Maregaon is a small town which was declared a Nagar Panchayat in 2015 and the elections were held on 1 November 2015. It has 17 wards. Previously known Dr. Ambedkar square is now bifurcated and the new square christened as Dr. A.P.J. Abdul Kalam Chowk. It is located on Wani yavatmal road nearly 18 km from Wani and is a tehsil place.

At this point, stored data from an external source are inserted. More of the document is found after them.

lemma measure_Lipschitz_image_le_open:
  fixes G :: "'a::euclidean_space \<Rightarrow> 'a"
  assumes "T \<subseteq> U" "open U" "U \<in> lmeasurable" and "L > 0"
    and lip: "\<And>x y. x \<in> T \<Longrightarrow> y \<in> T \<Longrightarrow> dist (G x) (G y) \<le> L * dist x y"
    and "R \<in> lmeasurable" "R \<subseteq> G ` T"
  shows "measure lebesgue R \<le> L ^ DIM('a) * measure lebesgue U"
proof -
  obtain C where "countable C"
    and C: "\<And>i. i \<in> C \<Longrightarrow> fst i \<in> T \<and> snd i > 0 \<and> ball (fst i) (snd i) \<subseteq> U"
    and disj: "pairwise (\<lambda>i j. disjnt (ball (fst i) (snd i)) (ball (fst j) (snd j))) C"
    and neg: "negligible (T - (\<Union>i\<in>C. ball (fst i) (snd i)))"
    using Vitali_balls_in_open[OF assms(1,2)] by blast
  define N where "N = G ` (T - (\<Union>i\<in>C. ball (fst i) (snd i)))"
  define B where "B = (\<Union>i\<in>C. ball (G (fst i)) (L * snd i))"
  have "negligible N"
    unfolding N_def
  proof (rule negligible_locally_Lipschitz_image[OF order_refl neg])
    fix x assume "x \<in> T - (\<Union>i\<in>C. ball (fst i) (snd i))"
    then show "\<exists>T' B. open T' \<and> x \<in> T' \<and>
        (\<forall>y \<in> (T - (\<Union>i\<in>C. ball (fst i) (snd i))) \<inter> T'. norm (G y - G x) \<le> B * norm (y - x))"
      using lip by (intro exI[of _ UNIV] exI[of _ L]) (auto simp: dist_norm)
  qed
  have radius: "snd i > 0" if "i \<in> C" for i using C[OF that] by blast
  have "(\<Union>i\<in>C. ball (fst i) (snd i)) \<subseteq> U" using C by blast
  note B = measure_UN_balls_scaled_le[where c = fst and r = snd and c' = "\<lambda>i. G (fst i)",
      OF \<open>countable C\<close> radius less_imp_le[OF \<open>L > 0\<close>] disj this assms(3), folded B_def]
  have "R \<subseteq> N \<union> B"
  proof
    fix y assume "y \<in> R"
    then obtain x where x: "x \<in> T" "y = G x" using assms(7) by auto
    show "y \<in> N \<union> B"
    proof (cases "\<exists>i\<in>C. x \<in> ball (fst i) (snd i)")
      case True
      then obtain i where i: "i \<in> C" "x \<in> ball (fst i) (snd i)" by blast
      then have "dist (G (fst i)) y \<le> L * dist (fst i) x" using lip C x by blast
      also have "\<dots> < L * snd i" using i \<open>L > 0\<close> by simp
      finally show ?thesis using i by (auto simp: B_def)
    next
      case False
      then show ?thesis using x by (auto simp: N_def)
    qed
  qed
  have NB: "N \<union> B \<in> lmeasurable"
    by (rule fmeasurable.Un[OF negligible_imp_measurable[OF \<open>negligible N\<close>] B(1)])
  have "measure lebesgue R \<le> measure lebesgue (N \<union> B)"
    by (rule measure_mono_fmeasurable[OF \<open>R \<subseteq> N \<union> B\<close> _ NB]) (use assms(6) in auto)
  also have "\<dots> \<le> measure lebesgue N + measure lebesgue B"
    by (rule measure_Un_le) (use negligible_imp_measurable[OF \<open>negligible N\<close>] B(1) in auto)
  finally show ?thesis using \<open>negligible N\<close> B(2) by (simp add: negligible_imp_measure0)
qed
lemma is_lpes_unf_pes:
  assumes order: "causal_order E prec" and "symp indep"
    and hist: "\<forall>e\<in>E. hist_config indep (fset (hist e))"
  shows "is_lpes (unf_pes indep E prec)"
proof -
  note cf = unf_cf_iff[OF assms(1,2)]
  have hist_trans: "fset (hist y) \<subseteq> fset (hist x)" if "x \<in> E" "y \<in> fset (hist x)" for x y
    using hist that unfolding hist_config_def by blast
  have hist_free: "\<not> imm_conflict indep a b"
    if "x \<in> E" "a \<in> fset (hist x)" "b \<in> fset (hist x)" for x a b
    using hist that unfolding hist_config_def by blast
  have "\<forall>a b. unf_lt E a b \<longrightarrow> a \<in> E \<and> b \<in> E"
    using causal_order_hist_subset[OF order] unfolding unf_lt_def by blast
  moreover have "\<forall>a. \<not> unf_lt E a a"
    using size_less_of_mem_hist unfolding unf_lt_def by blast
  moreover have "\<forall>a b c. unf_lt E a b \<longrightarrow> unf_lt E b c \<longrightarrow> unf_lt E a c"
    using hist_trans unfolding unf_lt_def by blast
  moreover have "\<forall>e\<in>E. finite {e'. unf_lt E e' e}"
    unfolding unf_lt_def by simp
  moreover have "\<forall>a b. unf_cf indep E prec a b \<longrightarrow> a \<in> E \<and> b \<in> E"
    unfolding cf by blast
  moreover have "\<forall>a b. unf_cf indep E prec a b \<longrightarrow> unf_cf indep E prec b a"
    unfolding cf imm_conflict_def by blast
  moreover have "\<forall>a. \<not> unf_cf indep E prec a a"
    unfolding cf using hist_free by (auto simp: imm_conflict_def)
  moreover have "\<forall>a b c. unf_cf indep E prec a b \<longrightarrow> unf_lt E b c \<longrightarrow> unf_cf indep E prec a c"
    unfolding cf unf_lt_def using hist_trans by blast
  ultimately show ?thesis
    unfolding is_lpes_def unf_pes_def case_prod_conv by (intro conjI)
qed
(* Let $k$ be a positive integer and let $\sigma\in S_n$ have at least one $k$th root. Let $\ell_1,\dots,\ell_m$ be the distinct cycle lengths occurring in the disjoint cycle decomposition of $\sigma$ (fixed points counted as cycles of length $1$), and for each $i$ let $M_i\subseteq\{1,\dots,n\}$ be the set of points lying in cycles of $\sigma$ of length $\ell_i$ and $\sigma_i$ the restriction of $\sigma$ to $M_i$, viewed as a permutation of $M_i$. Then \[ \operatorname{re}_k(\sigma)-\operatorname{ro}_k(\sigma)=\prod_{i=1}^m\big(\operatorname{re}_k(\sigma_i)-\operatorname{ro}_k(\sigma_i)\big), \] where $\operatorname{re}_k(\sigma)$, $\operatorname{ro}_k(\sigma)$ are counted in $S_n$ and $\operatorname{re}_k(\sigma_i)$, $\operatorname{ro}_k(\sigma_i)$ are counted in the symmetric group on $M_i$.
   Context: For a permutation $\pi$ of a finite set $M$, a $k$th root of $\pi$ is a permutation $\tau$ of $M$ with $\tau^k=\pi$. $\operatorname{re}_k(\pi)$ (resp. $\operatorname{ro}_k(\pi)$) denotes the number of $k$th roots of $\pi$ that are even (resp. odd) permutations of $M$. *)

theory Defs
  imports "HOL-Combinatorics.Combinatorics"
begin

definition re :: "nat \<Rightarrow> 'a set \<Rightarrow> ('a \<Rightarrow> 'a) \<Rightarrow> nat" where
  "re k M p = card {tau. tau permutes M \<and> tau ^^ k = p \<and> evenperm tau}"
(* Let $G$ be the Cayley graph of a group of intermediate growth with respect to a finite symmetric generating set. Then $G$ does not satisfy polynomial containment of any degree; that is, for every $d\geq 0$ and every constant $c\geq 1$, $G$ does not satisfy the $\{cn^d\}$-containment property.
   Context: A finitely generated group has intermediate growth if its volume growth $v(n)=|B_n(\mathrm{id})|$ grows faster than any polynomial and slower than any exponential function $e^{\epsilon n}$, $\epsilon>0$. Firefighter process on a graph $G$ with a sequence of integers $\{f(n)\}$: an initial fire occupies a finite set of vertices; at each time $n\geq 1$, at most $f(n)$ vertices that are not on fire become protected, and then the fire spreads to all unprotected neighbours of vertices on fire; once a vertex is protected or on fire it stays so forever. $G$ has the $\{f(n)\}$-containment property if for every finite initial fire there is a protection strategy (protecting at most $f(n)$ vertices at time $n$) such that the set of burning vertices is eventually constant. *)

theory Defs
  imports "HOL-Algebra.Generated_Groups" Complex_Main
begin

fun word_ball :: "('a, 'b) monoid_scheme \<Rightarrow> 'a set \<Rightarrow> nat \<Rightarrow> 'a set" where
  "word_ball G S 0 = {\<one>\<^bsub>G\<^esub>}"
| "word_ball G S (Suc n) =
     word_ball G S n \<union> {x \<otimes>\<^bsub>G\<^esub> s | x s. x \<in> word_ball G S n \<and> s \<in> S}"

definition growth :: "('a, 'b) monoid_scheme \<Rightarrow> 'a set \<Rightarrow> nat \<Rightarrow> nat" where
  "growth G S n = card (word_ball G S n)"
lemma hs_norm_interpolation:
  assumes F: "F \<in> Hs s" and N: "N \<ge> 1" and s': "0 \<le> s'" "s' \<le> s"
  shows "(hs_norm s' F)\<^sup>2 \<le> N powr s' * (hs_norm 0 F)\<^sup>2 + N powr (s' - s) * (hs_norm s F)\<^sup>2"
proof -
  let ?w = "\<lambda>r \<xi>. hs_weight r \<xi> * (norm (F \<xi>))\<^sup>2"
  have int: "integrable lborel (?w r)" if "r \<le> s" for r
    using Hs_antimono[OF that F] unfolding Hs_def by auto
  have int0: "integrable lborel (?w 0)"
    using s' by (intro int) linarith
  have ints: "integrable lborel (?w s)" and ints': "integrable lborel (?w s')"
    using s' by (auto intro: int)
  have bound: "?w s' \<xi> \<le> N powr s' * ?w 0 \<xi> + N powr (s' - s) * ?w s \<xi>" for \<xi>
  proof -
    have "?w s' \<xi> \<le> (N powr s' + N powr (s' - s) * hs_weight s \<xi>) * (norm (F \<xi>))\<^sup>2"
      by (intro mult_right_mono hs_weight_le_split N s') simp
    then show ?thesis by (simp add: algebra_simps)
  qed
  have int_bound: "integrable lborel (\<lambda>\<xi>. N powr s' * ?w 0 \<xi> + N powr (s' - s) * ?w s \<xi>)"
    using int0 ints by (intro Bochner_Integration.integrable_add integrable_mult_right)
  have "(\<integral>\<xi>. ?w s' \<xi> \<partial>lborel) \<le> (\<integral>\<xi>. N powr s' * ?w 0 \<xi> + N powr (s' - s) * ?w s \<xi> \<partial>lborel)"
    using ints' int_bound bound by (rule integral_mono)
  also have "\<dots> = N powr s' * (\<integral>\<xi>. ?w 0 \<xi> \<partial>lborel) + N powr (s' - s) * (\<integral>\<xi>. ?w s \<xi> \<partial>lborel)"
    using int0 ints by (simp only: Bochner_Integration.integral_add integrable_mult_right integral_mult_right_zero)
  finally show ?thesis by (simp only: hs_norm_sq)
qed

Major profession is agriculture. It has black cotton soil which is suitable for Cotton and soybean, both important crops in this tehsil. There is Tehasil Kacheri, Panchayat Samiti, Civil Court and other Offices and Banks in Maregaon. Also, there is a Cement factory at 4 km on Mardi road, Dam at Nawargaon, Mines (stone and crusher) at Narsala, Limestone mines at Gourala on Wani road.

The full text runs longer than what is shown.